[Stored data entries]
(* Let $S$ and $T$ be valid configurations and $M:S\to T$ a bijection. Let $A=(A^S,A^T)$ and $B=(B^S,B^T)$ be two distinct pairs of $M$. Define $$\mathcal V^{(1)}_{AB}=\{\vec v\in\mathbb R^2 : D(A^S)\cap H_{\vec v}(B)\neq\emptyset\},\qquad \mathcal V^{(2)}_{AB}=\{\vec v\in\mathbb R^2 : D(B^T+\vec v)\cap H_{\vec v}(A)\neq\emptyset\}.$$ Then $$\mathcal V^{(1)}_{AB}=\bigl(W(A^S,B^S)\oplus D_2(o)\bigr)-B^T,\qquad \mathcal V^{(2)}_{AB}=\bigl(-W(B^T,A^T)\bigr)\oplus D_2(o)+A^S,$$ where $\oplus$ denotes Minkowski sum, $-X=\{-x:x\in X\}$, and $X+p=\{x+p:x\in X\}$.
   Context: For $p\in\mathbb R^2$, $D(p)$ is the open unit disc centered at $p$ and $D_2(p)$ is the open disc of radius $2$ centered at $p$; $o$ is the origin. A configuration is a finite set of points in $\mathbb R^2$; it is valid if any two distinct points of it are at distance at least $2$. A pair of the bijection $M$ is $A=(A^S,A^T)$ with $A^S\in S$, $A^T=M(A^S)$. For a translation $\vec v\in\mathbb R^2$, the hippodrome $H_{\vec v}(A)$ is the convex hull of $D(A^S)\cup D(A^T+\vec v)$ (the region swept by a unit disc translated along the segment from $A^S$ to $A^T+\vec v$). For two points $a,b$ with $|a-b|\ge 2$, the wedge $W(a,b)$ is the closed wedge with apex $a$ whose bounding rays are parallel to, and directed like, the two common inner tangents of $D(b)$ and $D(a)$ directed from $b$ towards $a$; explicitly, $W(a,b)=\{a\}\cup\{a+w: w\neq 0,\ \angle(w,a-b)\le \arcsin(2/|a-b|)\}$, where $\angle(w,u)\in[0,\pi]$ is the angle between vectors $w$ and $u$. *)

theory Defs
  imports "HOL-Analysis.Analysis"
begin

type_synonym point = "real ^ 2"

...

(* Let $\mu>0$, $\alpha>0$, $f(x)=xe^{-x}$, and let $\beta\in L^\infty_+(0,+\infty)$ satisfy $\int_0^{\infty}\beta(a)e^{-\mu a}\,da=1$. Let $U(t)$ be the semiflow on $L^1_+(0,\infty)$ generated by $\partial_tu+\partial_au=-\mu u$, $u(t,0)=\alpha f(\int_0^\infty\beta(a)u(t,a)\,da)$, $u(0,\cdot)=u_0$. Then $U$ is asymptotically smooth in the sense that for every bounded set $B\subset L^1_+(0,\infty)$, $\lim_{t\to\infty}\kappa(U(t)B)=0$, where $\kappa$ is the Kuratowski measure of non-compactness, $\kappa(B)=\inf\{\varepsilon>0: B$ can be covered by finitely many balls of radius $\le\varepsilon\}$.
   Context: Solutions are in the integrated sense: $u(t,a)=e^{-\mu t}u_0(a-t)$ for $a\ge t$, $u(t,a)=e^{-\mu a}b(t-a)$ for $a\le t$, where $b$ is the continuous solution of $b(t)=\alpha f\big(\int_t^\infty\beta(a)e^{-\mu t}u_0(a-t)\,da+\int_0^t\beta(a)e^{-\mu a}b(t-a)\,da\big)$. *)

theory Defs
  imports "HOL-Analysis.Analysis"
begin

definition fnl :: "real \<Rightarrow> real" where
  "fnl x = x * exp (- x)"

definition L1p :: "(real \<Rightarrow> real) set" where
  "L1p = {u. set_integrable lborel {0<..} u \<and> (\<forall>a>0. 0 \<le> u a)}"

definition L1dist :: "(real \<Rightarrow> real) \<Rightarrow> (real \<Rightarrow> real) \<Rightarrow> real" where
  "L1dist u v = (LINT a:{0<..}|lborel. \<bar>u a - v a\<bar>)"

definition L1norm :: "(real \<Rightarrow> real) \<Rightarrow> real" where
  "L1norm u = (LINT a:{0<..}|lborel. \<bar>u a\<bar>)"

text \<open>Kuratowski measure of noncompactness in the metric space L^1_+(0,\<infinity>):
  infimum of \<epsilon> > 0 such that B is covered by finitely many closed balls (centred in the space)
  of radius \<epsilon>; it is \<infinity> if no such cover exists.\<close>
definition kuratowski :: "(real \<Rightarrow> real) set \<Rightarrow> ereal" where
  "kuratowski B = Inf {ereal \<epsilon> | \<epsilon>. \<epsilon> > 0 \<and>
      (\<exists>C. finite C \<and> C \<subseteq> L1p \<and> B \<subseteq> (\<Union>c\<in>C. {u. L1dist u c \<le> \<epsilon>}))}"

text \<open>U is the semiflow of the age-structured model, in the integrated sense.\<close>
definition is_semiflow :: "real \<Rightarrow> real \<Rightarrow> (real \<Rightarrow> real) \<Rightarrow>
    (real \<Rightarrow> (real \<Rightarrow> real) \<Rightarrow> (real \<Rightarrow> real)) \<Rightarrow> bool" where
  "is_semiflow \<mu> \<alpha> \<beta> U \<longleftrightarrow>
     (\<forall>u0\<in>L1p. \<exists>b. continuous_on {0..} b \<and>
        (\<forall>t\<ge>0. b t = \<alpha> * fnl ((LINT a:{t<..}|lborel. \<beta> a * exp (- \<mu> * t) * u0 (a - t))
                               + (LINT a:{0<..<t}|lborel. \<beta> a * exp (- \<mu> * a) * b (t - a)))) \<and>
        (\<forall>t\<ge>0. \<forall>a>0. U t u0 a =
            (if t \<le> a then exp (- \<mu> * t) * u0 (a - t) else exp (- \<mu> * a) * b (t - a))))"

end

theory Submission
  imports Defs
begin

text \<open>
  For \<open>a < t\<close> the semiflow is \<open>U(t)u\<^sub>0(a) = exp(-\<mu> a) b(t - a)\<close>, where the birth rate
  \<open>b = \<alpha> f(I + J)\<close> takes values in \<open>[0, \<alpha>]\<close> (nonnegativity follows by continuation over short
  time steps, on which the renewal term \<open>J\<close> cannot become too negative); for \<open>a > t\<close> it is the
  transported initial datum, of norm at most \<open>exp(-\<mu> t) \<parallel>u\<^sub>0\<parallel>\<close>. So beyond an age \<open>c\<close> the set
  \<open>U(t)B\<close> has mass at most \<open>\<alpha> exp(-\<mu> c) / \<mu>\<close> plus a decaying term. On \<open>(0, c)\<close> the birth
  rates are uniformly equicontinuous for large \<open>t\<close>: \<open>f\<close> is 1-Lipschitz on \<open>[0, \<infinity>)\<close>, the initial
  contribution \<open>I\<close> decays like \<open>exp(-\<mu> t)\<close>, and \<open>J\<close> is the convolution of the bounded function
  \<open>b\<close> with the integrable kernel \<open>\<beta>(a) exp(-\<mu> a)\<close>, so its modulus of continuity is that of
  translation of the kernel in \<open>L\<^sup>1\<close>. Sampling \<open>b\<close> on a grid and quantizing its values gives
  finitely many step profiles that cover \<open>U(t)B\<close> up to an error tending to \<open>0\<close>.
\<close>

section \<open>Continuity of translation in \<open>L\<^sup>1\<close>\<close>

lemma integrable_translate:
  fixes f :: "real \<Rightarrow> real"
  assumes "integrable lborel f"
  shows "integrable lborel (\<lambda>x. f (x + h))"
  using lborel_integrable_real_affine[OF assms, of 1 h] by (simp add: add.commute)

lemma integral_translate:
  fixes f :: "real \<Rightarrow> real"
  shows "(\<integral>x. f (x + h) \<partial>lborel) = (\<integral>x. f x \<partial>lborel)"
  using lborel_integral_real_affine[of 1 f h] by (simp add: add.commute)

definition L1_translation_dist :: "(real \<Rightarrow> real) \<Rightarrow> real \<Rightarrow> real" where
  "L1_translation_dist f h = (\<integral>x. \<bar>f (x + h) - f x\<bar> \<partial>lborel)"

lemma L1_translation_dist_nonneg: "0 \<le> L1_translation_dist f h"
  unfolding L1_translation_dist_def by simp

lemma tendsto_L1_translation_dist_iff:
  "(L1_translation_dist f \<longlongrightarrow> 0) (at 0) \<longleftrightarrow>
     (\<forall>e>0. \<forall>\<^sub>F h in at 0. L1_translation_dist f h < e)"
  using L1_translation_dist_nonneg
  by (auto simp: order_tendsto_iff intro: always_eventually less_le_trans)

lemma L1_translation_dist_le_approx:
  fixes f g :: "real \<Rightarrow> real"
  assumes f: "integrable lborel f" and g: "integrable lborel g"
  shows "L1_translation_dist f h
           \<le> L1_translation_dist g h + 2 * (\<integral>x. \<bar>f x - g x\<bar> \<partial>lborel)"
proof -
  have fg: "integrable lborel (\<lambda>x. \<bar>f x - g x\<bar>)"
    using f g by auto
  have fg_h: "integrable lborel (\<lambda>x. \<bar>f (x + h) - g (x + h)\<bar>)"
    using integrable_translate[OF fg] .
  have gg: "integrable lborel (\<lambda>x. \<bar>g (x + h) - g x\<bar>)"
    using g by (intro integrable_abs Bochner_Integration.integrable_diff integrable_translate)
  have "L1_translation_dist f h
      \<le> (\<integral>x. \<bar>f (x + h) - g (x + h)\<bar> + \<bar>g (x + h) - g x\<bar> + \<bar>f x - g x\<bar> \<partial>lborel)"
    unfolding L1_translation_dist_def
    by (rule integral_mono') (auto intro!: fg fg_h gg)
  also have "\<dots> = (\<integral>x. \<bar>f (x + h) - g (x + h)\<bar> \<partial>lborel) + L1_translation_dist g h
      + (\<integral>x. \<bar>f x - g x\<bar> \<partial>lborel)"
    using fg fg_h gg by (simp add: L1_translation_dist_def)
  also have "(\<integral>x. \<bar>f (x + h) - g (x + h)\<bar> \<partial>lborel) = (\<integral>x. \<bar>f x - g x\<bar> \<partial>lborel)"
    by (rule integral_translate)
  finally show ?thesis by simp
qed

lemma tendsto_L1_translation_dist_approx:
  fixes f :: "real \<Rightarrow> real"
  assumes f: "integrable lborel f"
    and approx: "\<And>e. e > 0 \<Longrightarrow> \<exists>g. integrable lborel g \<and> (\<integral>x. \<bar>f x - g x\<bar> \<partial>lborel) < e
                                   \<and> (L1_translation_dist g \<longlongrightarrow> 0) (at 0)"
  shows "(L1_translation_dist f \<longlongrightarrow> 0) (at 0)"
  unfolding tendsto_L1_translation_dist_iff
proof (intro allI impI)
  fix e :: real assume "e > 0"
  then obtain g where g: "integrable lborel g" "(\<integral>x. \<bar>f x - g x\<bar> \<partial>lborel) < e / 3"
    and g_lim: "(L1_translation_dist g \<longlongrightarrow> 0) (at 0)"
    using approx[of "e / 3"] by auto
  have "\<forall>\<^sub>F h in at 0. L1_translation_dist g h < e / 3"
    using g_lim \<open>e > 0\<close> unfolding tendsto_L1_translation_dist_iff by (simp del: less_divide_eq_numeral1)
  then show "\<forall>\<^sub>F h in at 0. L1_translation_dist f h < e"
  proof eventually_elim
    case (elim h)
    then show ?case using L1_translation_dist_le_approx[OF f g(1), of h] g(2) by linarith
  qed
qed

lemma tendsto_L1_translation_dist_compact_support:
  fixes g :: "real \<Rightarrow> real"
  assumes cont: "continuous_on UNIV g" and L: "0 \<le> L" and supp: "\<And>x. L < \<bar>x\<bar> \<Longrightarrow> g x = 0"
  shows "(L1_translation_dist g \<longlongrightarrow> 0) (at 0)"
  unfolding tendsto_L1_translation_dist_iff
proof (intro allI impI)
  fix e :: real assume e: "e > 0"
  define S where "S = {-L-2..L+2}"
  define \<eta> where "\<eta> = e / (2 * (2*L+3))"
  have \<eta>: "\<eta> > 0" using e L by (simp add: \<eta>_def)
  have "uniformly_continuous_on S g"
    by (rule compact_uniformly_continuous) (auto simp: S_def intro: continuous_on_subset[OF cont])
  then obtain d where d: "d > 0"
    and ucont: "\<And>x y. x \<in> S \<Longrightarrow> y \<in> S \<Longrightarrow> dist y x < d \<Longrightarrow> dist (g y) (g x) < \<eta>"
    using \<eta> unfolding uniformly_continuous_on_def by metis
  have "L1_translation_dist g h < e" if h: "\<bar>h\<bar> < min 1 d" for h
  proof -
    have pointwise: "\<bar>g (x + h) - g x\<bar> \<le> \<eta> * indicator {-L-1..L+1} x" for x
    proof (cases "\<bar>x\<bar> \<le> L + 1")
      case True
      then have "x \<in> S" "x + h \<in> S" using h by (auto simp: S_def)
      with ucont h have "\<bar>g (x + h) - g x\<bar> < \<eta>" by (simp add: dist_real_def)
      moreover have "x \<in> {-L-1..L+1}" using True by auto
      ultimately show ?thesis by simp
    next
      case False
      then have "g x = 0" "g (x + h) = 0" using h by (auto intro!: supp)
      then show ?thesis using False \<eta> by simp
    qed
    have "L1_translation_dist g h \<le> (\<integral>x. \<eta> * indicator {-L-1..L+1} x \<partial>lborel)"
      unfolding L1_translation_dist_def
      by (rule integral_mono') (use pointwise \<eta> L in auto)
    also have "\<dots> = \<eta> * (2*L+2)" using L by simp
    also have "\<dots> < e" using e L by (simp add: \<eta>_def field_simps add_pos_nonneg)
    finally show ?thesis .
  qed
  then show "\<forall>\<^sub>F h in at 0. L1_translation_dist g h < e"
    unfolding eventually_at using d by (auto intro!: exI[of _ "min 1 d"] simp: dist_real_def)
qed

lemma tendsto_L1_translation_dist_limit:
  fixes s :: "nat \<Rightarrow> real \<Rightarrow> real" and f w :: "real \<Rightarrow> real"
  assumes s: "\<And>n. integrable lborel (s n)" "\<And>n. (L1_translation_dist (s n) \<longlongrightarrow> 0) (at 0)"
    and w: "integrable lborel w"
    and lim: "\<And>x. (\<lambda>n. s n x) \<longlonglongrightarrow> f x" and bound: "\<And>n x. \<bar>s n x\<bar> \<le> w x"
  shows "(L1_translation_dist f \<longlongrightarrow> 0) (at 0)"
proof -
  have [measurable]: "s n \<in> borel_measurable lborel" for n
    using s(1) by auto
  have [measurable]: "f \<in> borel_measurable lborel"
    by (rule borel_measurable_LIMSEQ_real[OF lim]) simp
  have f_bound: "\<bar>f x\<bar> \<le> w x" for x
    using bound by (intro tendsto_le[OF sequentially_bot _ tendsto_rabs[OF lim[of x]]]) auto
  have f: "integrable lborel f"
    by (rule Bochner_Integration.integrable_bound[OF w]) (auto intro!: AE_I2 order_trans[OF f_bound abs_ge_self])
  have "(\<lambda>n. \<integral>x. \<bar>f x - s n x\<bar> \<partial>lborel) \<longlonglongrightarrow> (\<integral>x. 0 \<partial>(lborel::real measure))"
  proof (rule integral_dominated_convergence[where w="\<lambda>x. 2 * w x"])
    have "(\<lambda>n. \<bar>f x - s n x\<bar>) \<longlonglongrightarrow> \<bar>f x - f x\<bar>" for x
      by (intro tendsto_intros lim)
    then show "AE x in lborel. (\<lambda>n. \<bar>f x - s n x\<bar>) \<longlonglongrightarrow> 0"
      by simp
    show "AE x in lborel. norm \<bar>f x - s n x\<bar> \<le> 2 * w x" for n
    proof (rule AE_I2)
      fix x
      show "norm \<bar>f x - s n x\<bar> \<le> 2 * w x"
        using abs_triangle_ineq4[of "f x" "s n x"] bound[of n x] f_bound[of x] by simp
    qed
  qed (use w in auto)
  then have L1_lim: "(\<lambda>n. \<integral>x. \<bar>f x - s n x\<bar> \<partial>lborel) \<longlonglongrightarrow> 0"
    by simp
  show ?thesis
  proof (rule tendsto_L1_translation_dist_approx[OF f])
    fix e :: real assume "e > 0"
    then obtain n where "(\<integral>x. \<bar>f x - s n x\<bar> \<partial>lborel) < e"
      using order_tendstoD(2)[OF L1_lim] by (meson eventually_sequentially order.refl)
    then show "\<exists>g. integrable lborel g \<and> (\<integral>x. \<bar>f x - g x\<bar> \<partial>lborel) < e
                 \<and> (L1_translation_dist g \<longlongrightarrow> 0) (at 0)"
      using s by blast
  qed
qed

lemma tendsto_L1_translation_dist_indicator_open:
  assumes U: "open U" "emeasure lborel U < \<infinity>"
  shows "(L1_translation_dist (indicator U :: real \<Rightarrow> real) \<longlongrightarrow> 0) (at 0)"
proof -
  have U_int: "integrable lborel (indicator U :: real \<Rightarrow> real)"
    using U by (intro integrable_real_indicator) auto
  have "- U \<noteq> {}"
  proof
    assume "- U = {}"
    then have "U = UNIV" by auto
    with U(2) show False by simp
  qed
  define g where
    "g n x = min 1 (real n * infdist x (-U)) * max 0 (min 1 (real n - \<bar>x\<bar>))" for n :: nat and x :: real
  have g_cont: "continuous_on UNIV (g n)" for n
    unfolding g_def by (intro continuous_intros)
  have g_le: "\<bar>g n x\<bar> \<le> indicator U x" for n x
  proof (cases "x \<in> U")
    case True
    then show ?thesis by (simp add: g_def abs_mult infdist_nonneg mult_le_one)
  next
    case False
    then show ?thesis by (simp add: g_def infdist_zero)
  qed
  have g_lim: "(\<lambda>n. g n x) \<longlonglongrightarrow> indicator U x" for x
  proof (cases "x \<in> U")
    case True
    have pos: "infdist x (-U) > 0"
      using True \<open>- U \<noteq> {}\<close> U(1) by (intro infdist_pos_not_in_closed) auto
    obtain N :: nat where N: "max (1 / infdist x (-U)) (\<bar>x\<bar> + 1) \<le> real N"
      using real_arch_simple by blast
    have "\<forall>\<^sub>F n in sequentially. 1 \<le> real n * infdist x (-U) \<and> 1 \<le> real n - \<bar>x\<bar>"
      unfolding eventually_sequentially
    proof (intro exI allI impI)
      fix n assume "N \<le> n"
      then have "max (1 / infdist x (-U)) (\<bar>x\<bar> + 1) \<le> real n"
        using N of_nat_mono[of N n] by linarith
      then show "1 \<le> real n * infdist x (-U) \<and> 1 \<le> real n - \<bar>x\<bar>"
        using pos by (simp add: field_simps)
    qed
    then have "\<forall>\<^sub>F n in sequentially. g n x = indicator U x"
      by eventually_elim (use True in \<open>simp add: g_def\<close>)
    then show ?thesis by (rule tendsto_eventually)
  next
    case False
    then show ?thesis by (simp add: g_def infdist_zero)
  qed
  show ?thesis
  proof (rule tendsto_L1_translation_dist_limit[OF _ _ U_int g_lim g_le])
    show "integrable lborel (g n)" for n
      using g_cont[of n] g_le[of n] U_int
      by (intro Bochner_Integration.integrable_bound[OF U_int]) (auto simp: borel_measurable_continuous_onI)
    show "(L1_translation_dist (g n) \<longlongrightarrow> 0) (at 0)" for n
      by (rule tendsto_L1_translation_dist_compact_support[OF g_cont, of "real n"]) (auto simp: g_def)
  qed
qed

**Instructions for the task:** A single number is the whole answer: how many lines in the entries hold the word "exists".

**Exercise response:** 5